WHAT YOU NEED TO DO
Only one stretch of the listing below is wanted: every line from the first to the line containing "unfolding X_def using that", set down exactly.

********************

lemma barnes_zeta_eq_sum_hurwitz_series:
  fixes z s :: complex
  assumes r: "r \<ge> 1" and z: "0 < Re z" and s: "real r < Re s"
  shows "barnes_zeta r s z = (\<Sum>l<r. P_coef r l z * hurwitz_series (s - of_nat l) z)"
proof -
  define X where "X l n = (of_nat n + z) powr (- (s - of_nat l))" for l n
  have summable_X: "summable (\<lambda>n. norm (X l n))" if "l < r" for l
    unfolding X_def using that s by (intro summable_norm_nat_shift_powr z) auto
  have expand: "real ((n + r - 1) choose n) *\<^sub>R (of_nat n + z) powr (- s) = (\<Sum>l<r. P_coef r l z * X l n)" for n
  proof -
    have "of_nat n + z \<noteq> 0"
      using z by (auto simp: complex_eq_iff)
    then have power: "(of_nat n + z) ^ l * (of_nat n + z) powr (- s) = X l n" for l
      unfolding X_def using powr_add[of "of_nat n + z" "of_nat l" "- s"] by (simp add: powr_nat')
    have "real ((n + r - 1) choose n) *\<^sub>R (of_nat n + z) powr (- s)
        = of_nat ((n + r - 1) choose n) * (of_nat n + z) powr (- s)"
      by (simp add: scaleR_conv_of_real)
    also have "\<dots> = (\<Sum>l<r. P_coef r l z * ((of_nat n + z) ^ l * (of_nat n + z) powr (- s)))"
      unfolding binomial_eq_sum_P_coef[OF r, of n z] sum_distrib_right by (simp add: mult.assoc)
    finally show ?thesis
      by (simp only: power)
  qed
  have "summable (\<lambda>n. real ((n + r - 1) choose n) * norm ((of_nat n + z) powr (- s)))"
  proof (rule summable_comparison_test')
    show "summable (\<lambda>n. \<Sum>l<r. norm (P_coef r l z) * norm (X l n))"
      by (intro summable_sum summable_mult summable_X) auto
    fix n
    have "norm (real ((n + r - 1) choose n) * norm ((of_nat n + z) powr (- s)))
        = norm (\<Sum>l<r. P_coef r l z * X l n)"
      by (simp flip: expand)
    also have "\<dots> \<le> (\<Sum>l<r. norm (P_coef r l z) * norm (X l n))"
      by (rule order_trans[OF norm_sum]) (simp add: norm_mult)
    finally show "norm (real ((n + r - 1) choose n) * norm ((of_nat n + z) powr (- s)))
        \<le> (\<Sum>l<r. norm (P_coef r l z) * norm (X l n))" .
  qed
  then have "barnes_zeta r s z = (\<Sum>n. real ((n + r - 1) choose n) *\<^sub>R (of_nat n + z) powr (- s))"
    unfolding barnes_zeta_def by (rule infsum_lists_by_sum_list)
  also have "\<dots> = (\<Sum>n. \<Sum>l<r. P_coef r l z * X l n)"
    by (simp only: expand)
  also have "\<dots> = (\<Sum>l<r. \<Sum>n. P_coef r l z * X l n)"
    by (intro suminf_sum summable_mult summable_norm_cancel[OF summable_X]) auto
  also have "\<dots> = (\<Sum>l<r. P_coef r l z * hurwitz_series (s - of_nat l) z)"
    unfolding hurwitz_series_def X_def[symmetric]
    by (intro sum.cong refl suminf_mult summable_norm_cancel[OF summable_X]) auto
  finally show ?thesis .
qed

********************

REPLY TO THE EXERCISE
lemma barnes_zeta_eq_sum_hurwitz_series:
  fixes z s :: complex
  assumes r: "r \<ge> 1" and z: "0 < Re z" and s: "real r < Re s"
  shows "barnes_zeta r s z = (\<Sum>l<r. P_coef r l z * hurwitz_series (s - of_nat l) z)"
proof -
  define X where "X l n = (of_nat n + z) powr (- (s - of_nat l))" for l n
  have summable_X: "summable (\<lambda>n. norm (X l n))" if "l < r" for l
    unfolding X_def using that s by (intro summable_norm_nat_shift_powr z) auto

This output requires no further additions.